__Goal of the exercise__. In the records below, find the line with "V k (x # xs)" and the line with "channel) \<Rightarrow> nat \<Rightarrow> (nat". Print both exactly, along with every line between them, and no other line.
--- Data listing Enclosed Below ---
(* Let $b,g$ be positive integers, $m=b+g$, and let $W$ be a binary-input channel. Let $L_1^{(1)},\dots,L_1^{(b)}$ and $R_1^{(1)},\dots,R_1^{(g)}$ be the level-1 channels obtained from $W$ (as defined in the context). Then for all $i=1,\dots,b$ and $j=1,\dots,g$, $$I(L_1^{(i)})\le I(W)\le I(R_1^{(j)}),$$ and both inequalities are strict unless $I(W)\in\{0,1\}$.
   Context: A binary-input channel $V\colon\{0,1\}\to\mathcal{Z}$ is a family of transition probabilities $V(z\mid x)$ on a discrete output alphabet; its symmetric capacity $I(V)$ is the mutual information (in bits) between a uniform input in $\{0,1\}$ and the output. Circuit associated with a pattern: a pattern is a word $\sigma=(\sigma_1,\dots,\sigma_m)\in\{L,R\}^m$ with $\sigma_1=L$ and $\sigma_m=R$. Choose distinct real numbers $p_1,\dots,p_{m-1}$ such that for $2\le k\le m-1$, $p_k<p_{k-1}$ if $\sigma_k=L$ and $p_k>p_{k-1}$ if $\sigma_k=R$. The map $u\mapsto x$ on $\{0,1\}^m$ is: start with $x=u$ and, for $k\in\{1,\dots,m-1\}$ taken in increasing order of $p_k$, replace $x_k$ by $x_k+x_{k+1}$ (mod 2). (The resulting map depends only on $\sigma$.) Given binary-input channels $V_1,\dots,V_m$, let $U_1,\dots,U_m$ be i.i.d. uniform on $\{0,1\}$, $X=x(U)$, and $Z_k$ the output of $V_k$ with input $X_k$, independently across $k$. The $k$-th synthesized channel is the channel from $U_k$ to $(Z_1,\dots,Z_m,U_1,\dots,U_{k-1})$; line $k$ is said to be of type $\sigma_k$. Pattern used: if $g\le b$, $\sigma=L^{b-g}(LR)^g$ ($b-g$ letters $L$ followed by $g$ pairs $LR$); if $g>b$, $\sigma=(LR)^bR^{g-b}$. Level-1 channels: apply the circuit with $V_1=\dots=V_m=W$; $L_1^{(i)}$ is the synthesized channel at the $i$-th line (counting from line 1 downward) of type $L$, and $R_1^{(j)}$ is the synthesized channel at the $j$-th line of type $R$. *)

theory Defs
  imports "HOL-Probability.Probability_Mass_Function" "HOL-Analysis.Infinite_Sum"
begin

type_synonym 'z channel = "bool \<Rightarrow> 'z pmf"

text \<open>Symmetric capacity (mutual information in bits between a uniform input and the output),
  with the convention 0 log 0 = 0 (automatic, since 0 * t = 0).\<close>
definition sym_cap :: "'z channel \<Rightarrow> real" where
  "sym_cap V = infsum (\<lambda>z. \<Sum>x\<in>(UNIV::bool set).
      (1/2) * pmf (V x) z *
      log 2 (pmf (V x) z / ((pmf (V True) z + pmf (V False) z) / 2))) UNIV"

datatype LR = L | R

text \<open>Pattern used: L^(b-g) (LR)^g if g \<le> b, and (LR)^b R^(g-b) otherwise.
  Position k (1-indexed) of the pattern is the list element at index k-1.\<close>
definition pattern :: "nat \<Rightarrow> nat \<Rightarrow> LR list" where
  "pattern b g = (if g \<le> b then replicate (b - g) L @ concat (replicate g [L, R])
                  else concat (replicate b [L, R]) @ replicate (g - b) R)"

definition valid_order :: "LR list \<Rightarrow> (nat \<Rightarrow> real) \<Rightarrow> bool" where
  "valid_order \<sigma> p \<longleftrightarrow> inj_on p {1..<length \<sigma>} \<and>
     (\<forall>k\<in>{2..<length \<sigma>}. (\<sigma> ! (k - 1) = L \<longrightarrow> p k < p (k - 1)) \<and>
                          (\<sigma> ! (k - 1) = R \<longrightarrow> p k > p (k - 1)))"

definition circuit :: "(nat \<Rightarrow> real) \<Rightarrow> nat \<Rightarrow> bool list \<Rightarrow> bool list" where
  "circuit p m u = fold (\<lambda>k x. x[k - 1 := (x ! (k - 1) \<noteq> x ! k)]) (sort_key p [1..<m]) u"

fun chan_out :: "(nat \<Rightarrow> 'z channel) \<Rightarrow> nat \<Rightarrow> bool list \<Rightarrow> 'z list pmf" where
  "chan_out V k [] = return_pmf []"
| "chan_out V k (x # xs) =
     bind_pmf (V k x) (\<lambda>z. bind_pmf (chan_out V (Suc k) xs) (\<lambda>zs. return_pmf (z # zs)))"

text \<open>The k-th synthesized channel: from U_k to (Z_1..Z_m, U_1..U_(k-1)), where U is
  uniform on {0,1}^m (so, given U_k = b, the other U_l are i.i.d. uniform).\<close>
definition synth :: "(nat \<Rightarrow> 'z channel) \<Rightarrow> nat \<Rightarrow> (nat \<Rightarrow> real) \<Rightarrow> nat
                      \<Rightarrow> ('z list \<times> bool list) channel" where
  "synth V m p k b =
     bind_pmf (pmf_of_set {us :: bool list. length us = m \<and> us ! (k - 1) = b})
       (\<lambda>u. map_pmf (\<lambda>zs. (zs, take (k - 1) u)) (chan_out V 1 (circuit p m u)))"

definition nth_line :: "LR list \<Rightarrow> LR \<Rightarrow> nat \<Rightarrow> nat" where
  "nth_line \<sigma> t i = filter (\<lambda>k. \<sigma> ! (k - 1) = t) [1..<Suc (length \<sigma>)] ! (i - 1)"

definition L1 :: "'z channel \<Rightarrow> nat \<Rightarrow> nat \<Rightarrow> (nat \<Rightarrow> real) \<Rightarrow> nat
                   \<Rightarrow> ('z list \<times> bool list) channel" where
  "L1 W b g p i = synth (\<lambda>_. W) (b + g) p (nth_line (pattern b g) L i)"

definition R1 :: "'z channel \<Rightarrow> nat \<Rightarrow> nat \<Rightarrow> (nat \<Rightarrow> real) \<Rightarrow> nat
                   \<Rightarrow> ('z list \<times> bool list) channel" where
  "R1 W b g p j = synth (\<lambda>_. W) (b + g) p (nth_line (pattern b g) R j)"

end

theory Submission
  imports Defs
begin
--- End of Enclosed Data listing ---
--- Data listing Enclosed Below ---
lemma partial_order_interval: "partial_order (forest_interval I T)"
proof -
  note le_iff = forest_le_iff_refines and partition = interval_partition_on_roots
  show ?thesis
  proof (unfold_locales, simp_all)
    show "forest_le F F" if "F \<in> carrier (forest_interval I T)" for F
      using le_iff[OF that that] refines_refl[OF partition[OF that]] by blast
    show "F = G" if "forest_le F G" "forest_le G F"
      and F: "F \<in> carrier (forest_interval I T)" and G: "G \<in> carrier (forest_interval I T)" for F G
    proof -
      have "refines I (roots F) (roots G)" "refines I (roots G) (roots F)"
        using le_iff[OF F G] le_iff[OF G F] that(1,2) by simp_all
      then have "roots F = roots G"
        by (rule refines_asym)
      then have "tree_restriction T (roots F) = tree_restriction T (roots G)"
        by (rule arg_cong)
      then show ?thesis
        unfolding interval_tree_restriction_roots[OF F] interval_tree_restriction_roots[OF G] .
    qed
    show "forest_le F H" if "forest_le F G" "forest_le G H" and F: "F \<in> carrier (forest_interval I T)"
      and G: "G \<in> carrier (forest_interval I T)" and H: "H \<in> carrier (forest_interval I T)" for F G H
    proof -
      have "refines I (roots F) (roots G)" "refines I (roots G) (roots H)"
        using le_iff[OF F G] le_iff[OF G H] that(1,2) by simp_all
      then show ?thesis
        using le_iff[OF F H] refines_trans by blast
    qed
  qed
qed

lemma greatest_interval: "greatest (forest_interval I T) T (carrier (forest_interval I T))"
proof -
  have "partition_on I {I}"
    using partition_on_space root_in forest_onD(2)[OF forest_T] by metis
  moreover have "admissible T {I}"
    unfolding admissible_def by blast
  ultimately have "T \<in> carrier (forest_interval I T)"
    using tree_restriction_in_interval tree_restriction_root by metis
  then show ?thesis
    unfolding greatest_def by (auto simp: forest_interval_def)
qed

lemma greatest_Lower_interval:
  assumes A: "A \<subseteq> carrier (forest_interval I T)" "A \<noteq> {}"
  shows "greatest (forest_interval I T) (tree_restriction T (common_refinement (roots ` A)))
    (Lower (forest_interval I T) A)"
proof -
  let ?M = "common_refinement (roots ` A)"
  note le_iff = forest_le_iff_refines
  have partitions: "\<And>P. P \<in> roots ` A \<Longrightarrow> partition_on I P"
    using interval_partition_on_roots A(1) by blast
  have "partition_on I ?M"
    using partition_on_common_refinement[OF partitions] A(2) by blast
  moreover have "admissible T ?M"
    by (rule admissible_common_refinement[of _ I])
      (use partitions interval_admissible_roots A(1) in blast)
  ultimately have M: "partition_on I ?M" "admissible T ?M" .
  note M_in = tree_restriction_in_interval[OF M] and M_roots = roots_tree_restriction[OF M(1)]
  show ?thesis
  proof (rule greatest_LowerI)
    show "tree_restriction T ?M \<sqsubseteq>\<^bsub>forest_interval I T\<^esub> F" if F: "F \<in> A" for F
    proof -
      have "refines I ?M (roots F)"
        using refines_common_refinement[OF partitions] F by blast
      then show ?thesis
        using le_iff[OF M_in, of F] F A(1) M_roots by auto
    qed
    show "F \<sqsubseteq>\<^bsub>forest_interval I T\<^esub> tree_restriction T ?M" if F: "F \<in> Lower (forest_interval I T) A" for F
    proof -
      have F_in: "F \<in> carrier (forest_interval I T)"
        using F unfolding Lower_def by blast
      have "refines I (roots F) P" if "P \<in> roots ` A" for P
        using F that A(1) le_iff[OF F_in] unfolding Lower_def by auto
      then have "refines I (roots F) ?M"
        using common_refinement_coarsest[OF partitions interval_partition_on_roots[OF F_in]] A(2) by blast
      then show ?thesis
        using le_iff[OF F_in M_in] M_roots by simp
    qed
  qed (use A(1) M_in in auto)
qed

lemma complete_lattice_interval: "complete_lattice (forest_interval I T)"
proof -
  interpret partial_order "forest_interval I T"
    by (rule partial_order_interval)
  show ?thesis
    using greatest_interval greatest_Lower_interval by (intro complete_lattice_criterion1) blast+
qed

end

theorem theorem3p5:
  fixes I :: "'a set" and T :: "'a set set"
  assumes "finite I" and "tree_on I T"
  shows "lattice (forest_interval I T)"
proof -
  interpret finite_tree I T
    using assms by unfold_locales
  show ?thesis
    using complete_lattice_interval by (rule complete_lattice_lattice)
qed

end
--- End of Enclosed Data listing ---
__Written response__.
| "chan_out V k (x # xs) =
     bind_pmf (V k x) (\<lambda>z. bind_pmf (chan_out V (Suc k) xs) (\<lambda>zs. return_pmf (z # zs)))"

text \<open>The k-th synthesized channel: from U_k to (Z_1..Z_m, U_1..U_(k-1)), where U is
  uniform on {0,1}^m (so, given U_k = b, the other U_l are i.i.d. uniform).\<close>
definition synth :: "(nat \<Rightarrow> 'z channel) \<Rightarrow> nat \<Rightarrow> (nat \<Rightarrow> real) \<Rightarrow> nat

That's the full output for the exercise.